*** Opening of Given records ***

lemma symmetric_matrix_maximizer_eigenvector:
  fixes M :: "real^'n^'n"
  assumes sym: "transpose M = M" and "subspace S" and inv: "\<And>x. x \<in> S \<Longrightarrow> M *v x \<in> S"
    and "v \<in> S" and bound: "\<And>u. u \<in> S \<Longrightarrow> u \<bullet> (M *v u) \<le> l * (u \<bullet> u)"
    and attained: "v \<bullet> (M *v v) = l * (v \<bullet> v)"
  shows "M *v v = l *\<^sub>R v"
proof -
  \<comment> \<open>\<open>v\<close> minimises the form \<open>l |u|^2 - u \<bullet> M u \<ge> 0\<close> on \<open>S\<close>, so its derivative at \<open>v\<close> vanishes\<close>
  have orth: "l * (w \<bullet> v) = w \<bullet> (M *v v)" if "w \<in> S" for w
  proof -
    have "0 \<le> 2 * (l * (w \<bullet> v) - w \<bullet> (M *v v)) * t + (l * (w \<bullet> w) - w \<bullet> (M *v w)) * t\<^sup>2" for t
    proof -
      have "v + t *\<^sub>R w \<in> S" using \<open>subspace S\<close> \<open>v \<in> S\<close> \<open>w \<in> S\<close> by (simp add: subspace_add subspace_scale)
      from bound[OF this] show ?thesis
        using attained symmetric_matrix_inner_commute[OF sym, of v w]
        by (simp add: inner_commute power2_eq_square algebra_simps)
    qed
    then show ?thesis using quadratic_nonneg_imp_linear_coeff_zero by fastforce
  qed
  define w where "w = l *\<^sub>R v - M *v v"
  have "w \<in> S" unfolding w_def using assms(2-4) by (simp add: subspace_diff subspace_scale)
  then have "w \<bullet> (l *\<^sub>R v - M *v v) = 0" using orth by (simp add: inner_diff_right)
  then have "w \<bullet> w = 0" by (simp only: w_def[symmetric])
  then show ?thesis unfolding w_def by simp
qed

lemma symmetric_matrix_eigenvector_in_subspace:
  fixes M :: "real^'n^'n"
  assumes sym: "transpose M = M" and "subspace S" and inv: "\<And>x. x \<in> S \<Longrightarrow> M *v x \<in> S"
    and "S \<noteq> {0}"
  obtains v l where "v \<in> S" "norm v = 1" "M *v v = l *\<^sub>R v"
proof -
  define f where "f u = u \<bullet> (M *v u)" for u
  have normalize: "u /\<^sub>R norm u \<in> sphere 0 1 \<inter> S" if "u \<in> S" "u \<noteq> 0" for u
    using that \<open>subspace S\<close> by (simp add: subspace_scale)
  obtain z where "z \<in> S" "z \<noteq> 0" using \<open>S \<noteq> {0}\<close> \<open>subspace S\<close> subspace_0 by blast
  moreover have "compact (sphere 0 1 \<inter> S)"
    using \<open>subspace S\<close> by (intro compact_Int_closed compact_sphere closed_subspace)
  moreover have "continuous_on (sphere 0 1 \<inter> S) f" unfolding f_def by (intro continuous_intros)
  ultimately obtain v where v: "v \<in> sphere 0 1 \<inter> S" and max: "\<And>y. y \<in> sphere 0 1 \<inter> S \<Longrightarrow> f y \<le> f v"
    using continuous_attains_sup[of "sphere 0 1 \<inter> S" f] normalize by blast
  have "f u \<le> f v * (u \<bullet> u)" if "u \<in> S" for u
  proof (cases "u = 0")
    case False
    have "f u = (norm u)\<^sup>2 * f (u /\<^sub>R norm u)"
      using False by (simp add: f_def matrix_vector_mult_scaleR field_simps power2_eq_square)
    also have "\<dots> \<le> (norm u)\<^sup>2 * f v" using max[OF normalize[OF that False]] by (simp add: mult_left_mono)
    finally show ?thesis by (simp add: power2_norm_eq_inner mult.commute)
  qed (simp add: f_def)
  moreover have "f v = f v * (v \<bullet> v)" using v by (simp add: norm_eq_1)
  ultimately have "M *v v = f v *\<^sub>R v"
    using symmetric_matrix_maximizer_eigenvector[OF sym \<open>subspace S\<close> inv] v unfolding f_def by blast
  with v show thesis by (auto intro: that)
qed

*** Close of Given records ***

All entries must be repeated verbatim.

# Written response
lemma symmetric_matrix_maximizer_eigenvector:
  fixes M :: "real^'n^'n"
  assumes sym: "transpose M = M" and "subspace S" and inv: "\<And>x. x \<in> S \<Longrightarrow> M *v x \<in> S"
    and "v \<in> S" and bound: "\<And>u. u \<in> S \<Longrightarrow> u \<bullet> (M *v u) \<le> l * (u \<bullet> u)"
    and attained: "v \<bullet> (M *v v) = l * (v \<bullet> v)"
  shows "M *v v = l *\<^sub>R v"
proof -
  \<comment> \<open>\<open>v\<close> minimises the form \<open>l |u|^2 - u \<bullet> M u \<ge> 0\<close> on \<open>S\<close>, so its derivative at \<open>v\<close> vanishes\<close>
  have orth: "l * (w \<bullet> v) = w \<bullet> (M *v v)" if "w \<in> S" for w
  proof -
    have "0 \<le> 2 * (l * (w \<bullet> v) - w \<bullet> (M *v v)) * t + (l * (w \<bullet> w) - w \<bullet> (M *v w)) * t\<^sup>2" for t
    proof -
      have "v + t *\<^sub>R w \<in> S" using \<open>subspace S\<close> \<open>v \<in> S\<close> \<open>w \<in> S\<close> by (simp add: subspace_add subspace_scale)
      from bound[OF this] show ?thesis
        using attained symmetric_matrix_inner_commute[OF sym, of v w]
        by (simp add: inner_commute power2_eq_square algebra_simps)
    qed
    then show ?thesis using quadratic_nonneg_imp_linear_coeff_zero by fastforce
  qed
  define w where "w = l *\<^sub>R v - M *v v"
  have "w \<in> S" unfolding w_def using assms(2-4) by (simp add: subspace_diff subspace_scale)
  then have "w \<bullet> (l *\<^sub>R v - M *v v) = 0" using orth by (simp add: inner_diff_right)
  then have "w \<bullet> w = 0" by (simp only: w_def[symmetric])
  then show ?thesis unfolding w_def by simp
qed

lemma symmetric_matrix_eigenvector_in_subspace:
  fixes M :: "real^'n^'n"
  assumes sym: "transpose M = M" and "subspace S" and inv: "\<And>x. x \<in> S \<Longrightarrow> M *v x \<in> S"
    and "S \<noteq> {0}"
  obtains v l where "v \<in> S" "norm v = 1" "M *v v = l *\<^sub>R v"
proof -
  define f where "f u = u \<bullet> (M *v u)" for u
  have normalize: "u /\<^sub>R norm u \<in> sphere 0 1 \<inter> S" if "u \<in> S" "u \<noteq> 0" for u
    using that \<open>subspace S\<close> by (simp add: subspace_scale)
  obtain z where "z \<in> S" "z \<noteq> 0" using \<open>S \<noteq> {0}\<close> \<open>subspace S\<close> subspace_0 by blast
  moreover have "compact (sphere 0 1 \<inter> S)"
    using \<open>subspace S\<close> by (intro compact_Int_closed compact_sphere closed_subspace)
  moreover have "continuous_on (sphere 0 1 \<inter> S) f" unfolding f_def by (intro continuous_intros)
  ultimately obtain v where v: "v \<in> sphere 0 1 \<inter> S" and max: "\<And>y. y \<in> sphere 0 1 \<inter> S \<Longrightarrow> f y \<le> f v"
    using continuous_attains_sup[of "sphere 0 1 \<inter> S" f] normalize by blast
  have "f u \<le> f v * (u \<bullet> u)" if "u \<in> S" for u
  proof (cases "u = 0")
    case False
    have "f u = (norm u)\<^sup>2 * f (u /\<^sub>R norm u)"
      using False by (simp add: f_def matrix_vector_mult_scaleR field_simps power2_eq_square)
    also have "\<dots> \<le> (norm u)\<^sup>2 * f v" using max[OF normalize[OF that False]] by (simp add: mult_left_mono)
    finally show ?thesis by (simp add: power2_norm_eq_inner mult.commute)
  qed (simp add: f_def)
  moreover have "f v = f v * (v \<bullet> v)" using v by (simp add: norm_eq_1)
  ultimately have "M *v v = f v *\<^sub>R v"
    using symmetric_matrix_maximizer_eigenvector[OF sym \<open>subspace S\<close> inv] v unfolding f_def by blast
  with v show thesis by (auto intro: that)
qed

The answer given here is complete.